Now use GROUP BY ROLLUP to get a pivot table, joining data from all tables:

In [34]:
#get a summary of sales by product family, further broken down into region
query = """
SELECT i.family, r.region, SUM(unit_sales) AS total_sales
FROM unit_sales AS u 
LEFT JOIN items AS i
ON i.item_nbr = u.item_nbr
LEFT JOIN stores AS s
ON s.store_nbr = u.store_nbr
LEFT JOIN regions AS r
ON r.state = s.state
WHERE r.region IS NOT NULL AND i.family IS NOT NULL
GROUP BY ROLLUP(i.family, r.region)
"""


df = spark.sql(query)

In [49]:
df = df.orderBy(["family", "region"], ascending=True)
df.select(['family', 'region', format_number(df['total_sales'], 2).alias('total_sales')]).show(df.count())

+--------------------+----------+----------------+
|              family|    region|     total_sales|
+--------------------+----------+----------------+
|                null|      null|1,037,775,952.75|
|          AUTOMOTIVE|      null|      528,085.00|
|          AUTOMOTIVE|El Oriente|        3,677.00|
|          AUTOMOTIVE|  La Costa|      149,390.00|
|          AUTOMOTIVE| La Sierra|      375,018.00|
|           BABY CARE|      null|        9,189.00|
|           BABY CARE|El Oriente|          196.00|
|           BABY CARE|  La Costa|        3,456.00|
|           BABY CARE| La Sierra|        5,537.00|
|              BEAUTY|      null|      324,079.00|
|              BEAUTY|El Oriente|        1,050.00|
|              BEAUTY|  La Costa|       67,781.00|
|              BEAUTY| La Sierra|      255,248.00|
|           BEVERAGES|      null|  210,618,755.00|
|           BEVERAGES|El Oriente|      857,889.00|
|           BEVERAGES|  La Costa|   59,062,960.00|
|           BEVERAGES| La Sierr

The final pivot table shows total sales by product family, further subdivided by region.
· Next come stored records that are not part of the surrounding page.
lemma abs_sum_zero_sum_weights_le:
  fixes A u :: "'s::finite \<Rightarrow> real"
  assumes "(\<Sum>y\<in>UNIV. A y) = 0" and "\<And>y. \<bar>u y - c\<bar> \<le> K"
  shows "\<bar>\<Sum>y\<in>UNIV. A y * u y\<bar> \<le> (\<Sum>y\<in>UNIV. \<bar>A y\<bar>) * K"
proof -
  have "(\<Sum>y\<in>UNIV. A y * u y) = (\<Sum>y\<in>UNIV. A y * (u y - c)) + c * (\<Sum>y\<in>UNIV. A y)"
    by (simp add: algebra_simps sum.distrib sum_subtractf sum_distrib_left)
  also have "\<dots> = (\<Sum>y\<in>UNIV. A y * (u y - c))" using assms(1) by simp
  also have "\<bar>\<dots>\<bar> \<le> (\<Sum>y\<in>UNIV. \<bar>A y\<bar> * \<bar>u y - c\<bar>)"
    by (rule order_trans[OF sum_abs]) (simp add: abs_mult)
  also have "\<dots> \<le> (\<Sum>y\<in>UNIV. \<bar>A y\<bar> * K)" by (intro sum_mono mult_left_mono assms(2)) simp
  finally show ?thesis by (simp add: sum_distrib_right)
qed

lemma abs_sum_distribution_le:
  fixes mu w :: "'s::finite \<Rightarrow> real"
  assumes "\<And>x. mu x \<ge> 0" and "(\<Sum>x\<in>UNIV. mu x) = 1" and "\<And>x. \<bar>w x\<bar> \<le> K"
  shows "\<bar>\<Sum>x\<in>UNIV. mu x * w x\<bar> \<le> K"
proof -
  have "\<bar>\<Sum>x\<in>UNIV. mu x * w x\<bar> \<le> (\<Sum>x\<in>UNIV. mu x * K)"
    using assms(1,3) by (intro order_trans[OF sum_abs] sum_mono) (simp add: abs_mult mult_left_mono)
  also have "\<dots> = K" using assms(2) by (simp flip: sum_distrib_right)
  finally show ?thesis .
qed

section \<open>Accessibility\<close>

lemma reach_refl [simp]: "reach Q x x"
  unfolding reach_def by simp

lemma reach_trans: "reach Q x y \<Longrightarrow> reach Q y w \<Longrightarrow> reach Q x w"
  unfolding reach_def by (rule rtrancl_trans)

lemma reach_recurrent:
  fixes Q :: "'s::finite \<Rightarrow> 's \<Rightarrow> real"
  obtains y where "reach Q x y" "recurrent Q y"
proof -
  obtain y where xy: "reach Q x y"
    and least: "\<And>w. reach Q x w \<Longrightarrow> card {v. reach Q y v} \<le> card {v. reach Q w v}"
    using ex_has_least_nat[of "reach Q x" x "\<lambda>y. card {v. reach Q y v}"] by auto
  have "reach Q w y" if yw: "reach Q y w" for w
  proof -
    have sub: "{v. reach Q w v} \<subseteq> {v. reach Q y v}" using reach_trans[OF yw] by blast
    have le: "card {v. reach Q w v} \<le> card {v. reach Q y v}" by (rule card_mono) (simp_all add: sub)
    have ge: "card {v. reach Q y v} \<le> card {v. reach Q w v}" by (rule least[OF reach_trans[OF xy yw]])
    have "{v. reach Q w v} = {v. reach Q y v}"
      using card_subset_eq[OF _ sub] le ge by simp
    then show ?thesis using reach_refl[of Q y] by blast
  qed
  then have "recurrent Q y" unfolding recurrent_def by blast
  with xy show ?thesis by (rule that)
qed

lemma unichain_mat_center:
  fixes Q :: "'s::finite \<Rightarrow> 's \<Rightarrow> real"
  assumes "unichain_mat Q"
  obtains z where "recurrent Q z" "\<And>x. reach Q x z"
proof -
  obtain z where z: "recurrent Q z" using reach_recurrent by blast
  have "reach Q x z" for x
  proof -
    obtain y where xy: "reach Q x y" and "recurrent Q y" using reach_recurrent by blast
    then have "reach Q y z" using assms z unfolding unichain_mat_def by blast
    with xy show ?thesis by (rule reach_trans)
  qed
  with z that show ?thesis by blast
qed

section \<open>Poisson equations off an accessible state\<close>

text \<open>The minimum of g propagates along every edge leaving a state other than z, so it is
  attained at z.\<close>
lemma superharmonic_off_nonneg:
  fixes Q :: "'s::finite \<Rightarrow> 's \<Rightarrow> real"
  assumes Q: "stochastic Q" and reach_z: "\<And>x. reach Q x z"
    and gz: "g z \<ge> 0" and super: "\<And>x. x \<noteq> z \<Longrightarrow> (\<Sum>y\<in>UNIV. Q x y * g y) \<le> g x"
  shows "g x \<ge> 0"
proof (rule ccontr)
  assume "\<not> g x \<ge> 0"
  define m where "m = Min (range g)"
  have m_le: "m \<le> g y" for y unfolding m_def by simp
  have "m \<in> range g" unfolding m_def by (rule Min_in) auto
  then obtain x0 where x0: "g x0 = m" by auto
  have m_neg: "m < 0" using m_le[of x] \<open>\<not> g x \<ge> 0\<close> by linarith
  have "g y = m" if "reach Q x0 y" for y
    using that unfolding reach_def
  proof (induction rule: rtrancl_induct)
    case base
    then show ?case using x0 by simp
  next
    case (step u v)
    have "u \<noteq> z" using step.IH gz m_neg by auto
    have "(\<Sum>y\<in>UNIV. Q u y * (g y - m)) = (\<Sum>y\<in>UNIV. Q u y * g y) - m"
      using stochastic_sum_shift[OF Q, of u g "- m"] by simp
    also have "\<dots> \<le> 0" using super[OF \<open>u \<noteq> z\<close>] step.IH by simp
    finally have "(\<Sum>y\<in>UNIV. Q u y * (g y - m)) \<le> 0" .
    moreover have nonneg: "\<And>y. Q u y * (g y - m) \<ge> 0"
      using stochastic_nonneg[OF Q] m_le by simp
    ultimately have "(\<Sum>y\<in>UNIV. Q u y * (g y - m)) = 0" by (simp add: antisym sum_nonneg)
    then have "\<forall>y\<in>UNIV. Q u y * (g y - m) = 0" using nonneg by (subst (asm) sum_nonneg_eq_0_iff) auto
    then have "Q u v * (g v - m) = 0" by simp
    then show ?case using step.hyps(2) by simp
  qed
  then show False using reach_z[of x0] gz m_neg by simp
qed

lemma harmonic_off_pinned_eq_0:
  fixes Q :: "'s::finite \<Rightarrow> 's \<Rightarrow> real"
  assumes Q: "stochastic Q" and reach_z: "\<And>x. reach Q x z"
    and "d z = 0" and "\<And>x. x \<noteq> z \<Longrightarrow> d x = (\<Sum>y\<in>UNIV. Q x y * d y)"
  shows "d x = 0"
proof -
  have "d x \<ge> 0"
    by (rule superharmonic_off_nonneg[OF Q reach_z]) (use assms in auto)
  moreover have "- d x \<ge> 0"
    by (rule superharmonic_off_nonneg[OF Q reach_z, of "\<lambda>x. - d x"]) (use assms in \<open>auto simp: sum_negf\<close>)
  ultimately show ?thesis by simp
qed

lemma pinned_poisson_solvable:
  fixes Q :: "'s::finite \<Rightarrow> 's \<Rightarrow> real"
  assumes Q: "stochastic Q" and reach_z: "\<And>x. reach Q x z"
  obtains f where "f z = 0" "\<And>x. x \<noteq> z \<Longrightarrow> f x = v x + (\<Sum>y\<in>UNIV. Q x y * f y)"
proof -
  define K :: "real^'s \<Rightarrow> real^'s" where
    "K u = (\<chi> x. if x = z then u$z else u$x - (\<Sum>y\<in>UNIV. Q x y * u$y))" for u
  have lin: "linear K"
    by (rule linearI) (simp_all add: K_def vec_eq_iff sum.distrib sum_distrib_left algebra_simps)
  have "inj K"
  proof (rule injI)
    fix u u' assume eq: "K u = K u'"
    have "u$x - u'$x = 0" for x
    proof (rule harmonic_off_pinned_eq_0[OF Q reach_z, of "\<lambda>x. u$x - u'$x"])
      show "u$z - u'$z = 0" using arg_cong[OF eq, of "\<lambda>w. w$z"] by (simp add: K_def)
      fix x assume "x \<noteq> z"
      then have "u$x - (\<Sum>y\<in>UNIV. Q x y * u$y) = u'$x - (\<Sum>y\<in>UNIV. Q x y * u'$y)"
        using arg_cong[OF eq, of "\<lambda>w. w$x"] by (simp add: K_def)
      then show "u$x - u'$x = (\<Sum>y\<in>UNIV. Q x y * (u$y - u'$y))"
        by (simp add: right_diff_distrib sum_subtractf)
    qed
    then show "u = u'" by (simp add: vec_eq_iff)
  qed
  then have "surj K" using linear_injective_imp_surjective[OF lin] by simp
  then obtain u where u: "K u = (\<chi> x. if x = z then 0 else v x)" by (metis surjD)
  show ?thesis
  proof (rule that[of "\<lambda>x. u$x"])
    show "u$z = 0" using arg_cong[OF u, of "\<lambda>u. u$z"] by (simp add: K_def)
    fix x assume "x \<noteq> z"
    then show "u$x = v x + (\<Sum>y\<in>UNIV. Q x y * u$y)"
      using arg_cong[OF u, of "\<lambda>u. u$x"] by (simp add: K_def)
  qed
qed

text \<open>Both m H - (f - f z) and m H + (f - f z) are superharmonic off z.\<close>
lemma poisson_span_le_potential:
  fixes Q :: "'s::finite \<Rightarrow> 's \<Rightarrow> real"
  assumes Q: "stochastic Q" and reach_z: "\<And>x. reach Q x z"
    and Hz: "H z \<ge> 0" and H: "\<And>x. x \<noteq> z \<Longrightarrow> 1 + (\<Sum>y\<in>UNIV. Q x y * H y) \<le> H x"
    and f: "\<And>x. f x = v x + (\<Sum>y\<in>UNIV. Q x y * f y)" and v: "\<And>x. \<bar>v x\<bar> \<le> m"
  shows "\<bar>f x - f z\<bar> \<le> m * H x"
proof -
  have m: "m \<ge> 0" using v[of z] by linarith
  have "m * H x - s * (f x - f z) \<ge> 0" if s: "\<bar>s\<bar> = 1" for s
  proof (rule superharmonic_off_nonneg[OF Q reach_z, of "\<lambda>x. m * H x - s * (f x - f z)"])
    show "0 \<le> m * H z - s * (f z - f z)" using Hz m by simp
    fix x assume "x \<noteq> z"
    have "(\<Sum>y\<in>UNIV. Q x y * (m * H y - s * (f y - f z)))
        = m * (\<Sum>y\<in>UNIV. Q x y * H y) - s * (\<Sum>y\<in>UNIV. Q x y * f y) + s * f z"
      using stochastic_sum_shift[OF Q, of x "\<lambda>y. m * H y - s * f y" "s * f z"]
      by (simp add: algebra_simps sum_subtractf sum_distrib_left)
    also have "\<dots> \<le> m * H x - m - s * (f x - v x) + s * f z"
      using mult_left_mono[OF H[OF \<open>x \<noteq> z\<close>] m] f[of x] by (simp add: algebra_simps)
    also have "\<dots> \<le> m * H x - s * (f x - f z)"
      using v[of x] s abs_mult[of s "v x"] abs_le_iff[of "s * v x" m] by (simp add: algebra_simps)
    finally show "(\<Sum>y\<in>UNIV. Q x y * (m * H y - s * (f y - f z))) \<le> m * H x - s * (f x - f z)" .
  qed
  from this[of 1] this[of "- 1"] show ?thesis by (simp add: abs_le_iff)
qed

section \<open>Stationary distributions\<close>

definition stationary_distribution ::
    "('s::finite \<Rightarrow> 's \<Rightarrow> real) \<Rightarrow> ('s \<Rightarrow> real) \<Rightarrow> bool" where
  "stationary_distribution Q mu \<longleftrightarrow> (\<forall>x. mu x \<ge> 0) \<and> (\<Sum>x\<in>UNIV. mu x) = 1 \<and>
     (\<forall>y. (\<Sum>x\<in>UNIV. mu x * Q x y) = mu y)"

lemma stationary_sum_mult:
  assumes "stationary_distribution Q mu"
  shows "(\<Sum>x\<in>UNIV. mu x * (\<Sum>y\<in>UNIV. Q x y * f y)) = (\<Sum>y\<in>UNIV. mu y * f y)"
proof -
  have "(\<Sum>x\<in>UNIV. mu x * (\<Sum>y\<in>UNIV. Q x y * f y)) = (\<Sum>x\<in>UNIV. \<Sum>y\<in>UNIV. mu x * Q x y * f y)"
    by (simp add: sum_distrib_left mult.assoc)
  also have "\<dots> = (\<Sum>y\<in>UNIV. \<Sum>x\<in>UNIV. mu x * Q x y * f y)" by (rule sum.swap)
  also have "\<dots> = (\<Sum>y\<in>UNIV. (\<Sum>x\<in>UNIV. mu x * Q x y) * f y)" by (simp add: sum_distrib_right)
  finally show ?thesis using assms unfolding stationary_distribution_def by simp
qed

lemma stochastic_left_fixed_vector:
  fixes Q :: "'s::finite \<Rightarrow> 's \<Rightarrow> real"
  assumes Q: "stochastic Q"
  obtains nu where "\<exists>x. nu x \<noteq> 0" "\<And>y. (\<Sum>x\<in>UNIV. nu x * Q x y) = nu y"
proof -
  define M :: "real^'s^'s" where "M = (\<chi> x y. Q x y)"
  define A where "A = mat 1 - M"
  have "M *v (\<chi> _. 1) = (\<chi> _. 1)"
    by (simp add: M_def matrix_vector_mult_def stochastic_row_sum[OF Q])
  then have "A *v (\<chi> _. 1) = 0" by (simp add: A_def matrix_vector_mult_diff_rdistrib)
  moreover have "(\<chi> _. 1) \<noteq> (0 :: real^'s)" by (simp add: vec_eq_iff)
  ultimately have "\<not> (\<exists>B. B ** A = mat 1)" by (auto simp: matrix_left_invertible_ker)
  then have "\<not> (\<exists>B. A ** B = mat 1)" using invertible_left_inverse invertible_right_inverse by blast
  then have "\<not> (\<exists>B. B ** transpose A = mat 1)" by (simp add: left_invertible_transpose)
  then obtain v where "v \<noteq> 0" and "transpose A *v v = 0" by (auto simp: matrix_left_invertible_ker)
  then have "v v* M = v" by (simp add: A_def vector_matrix_mult_diff_rdistrib)
  then have "(\<Sum>x\<in>UNIV. v$x * Q x y) = v$y" for y
    by (simp add: M_def vector_matrix_mult_def vec_eq_iff)
  moreover have "\<exists>x. v$x \<noteq> 0" using \<open>v \<noteq> 0\<close> by (simp add: vec_eq_iff)
  ultimately show ?thesis using that[of "\<lambda>x. v$x"] by blast
qed

text \<open>The absolute value of a left fixed vector is a left subinvariant measure of the same mass,
  hence invariant.\<close>
lemma stationary_distribution_exists:
  fixes Q :: "'s::finite \<Rightarrow> 's \<Rightarrow> real"
  assumes Q: "stochastic Q"
  obtains mu where "stationary_distribution Q mu"
proof -
  obtain nu where nu0: "\<exists>x. nu x \<noteq> 0" and nu: "\<And>y. (\<Sum>x\<in>UNIV. nu x * Q x y) = nu y"
    using stochastic_left_fixed_vector[OF Q] by blast
  define p where "p x = \<bar>nu x\<bar>" for x
  have sub: "p y \<le> (\<Sum>x\<in>UNIV. p x * Q x y)" for y
    unfolding p_def nu[of y, symmetric]
    by (rule order_trans[OF sum_abs]) (simp add: abs_mult stochastic_nonneg[OF Q])
  have "(\<Sum>y\<in>UNIV. \<Sum>x\<in>UNIV. p x * Q x y) = (\<Sum>x\<in>UNIV. p x)"
    by (subst sum.swap) (simp add: stochastic_row_sum[OF Q] flip: sum_distrib_left)
  then have "(\<Sum>y\<in>UNIV. (\<Sum>x\<in>UNIV. p x * Q x y) - p y) = 0" by (simp add: sum_subtractf)
  then have "\<forall>y\<in>UNIV. (\<Sum>x\<in>UNIV. p x * Q x y) - p y = 0"
    using sub by (subst (asm) sum_nonneg_eq_0_iff) auto
  then have inv: "(\<Sum>x\<in>UNIV. p x * Q x y) = p y" for y by simp
  define S where "S = (\<Sum>x\<in>UNIV. p x)"
  have "S > 0"
  proof -
    obtain x0 where "nu x0 \<noteq> 0" using nu0 by blast
    then show ?thesis using sum_pos2[of UNIV x0 p] by (simp add: S_def p_def)
  qed
  have "stationary_distribution Q (\<lambda>x. p x / S)"
    unfolding stationary_distribution_def
  proof (intro conjI allI)
    show "p x / S \<ge> 0" for x using \<open>S > 0\<close> by (simp add: p_def)
    show "(\<Sum>x\<in>UNIV. p x / S) = 1" using \<open>S > 0\<close> by (simp add: S_def flip: sum_divide_distrib)
    show "(\<Sum>x\<in>UNIV. p x / S * Q x y) = p y / S" for y
      using inv[of y] by (simp flip: sum_divide_distrib)
  qed
  then show ?thesis by (rule that)
qed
Finally, we want to look at seasonal (month-by-month) trends in purchases, focusing on a few classes of items.

In [53]:
query = """
SELECT MONTH(CAST(u.date AS DATE)) AS month, SUM(u.unit_sales) AS total_sales
FROM unit_sales as u
LEFT JOIN items AS i
ON i.item_nbr = u.item_nbr
WHERE i.family IN ('LAWN AND GARDEN')
GROUP BY month
ORDER BY month
"""
df3 = spark.sql(query)

In [55]:
df3 = df3.orderBy(["month"], ascending=True)
df3.select(['month', format_number(df3['total_sales'], 2).alias('total_sales')]).show(df3.count())

+-----+-----------+
|month|total_sales|
+-----+-----------+
|    1|  48,207.00|
|    2|  53,696.00|
|    3|  52,824.00|
|    4|  49,691.00|
|    5|  63,874.00|
|    6|  53,628.00|
|    7|  54,999.00|
|    8|  40,458.00|
|    9|  27,286.00|
|   10|  29,538.00|
|   11|  28,116.00|
|   12|  46,521.00|
+-----+-----------+



The sales of Lawn and Garden products show some fairly strong seasonality. Total sales in the fall months (Sep-Nov) are around 60% of those in the winter-spring-early summer months (Jan-Jul).

This concludes the example analyses using pySpark + SQL. A worthwhile next step would be to integrate Spark with Tableau to create visualizations.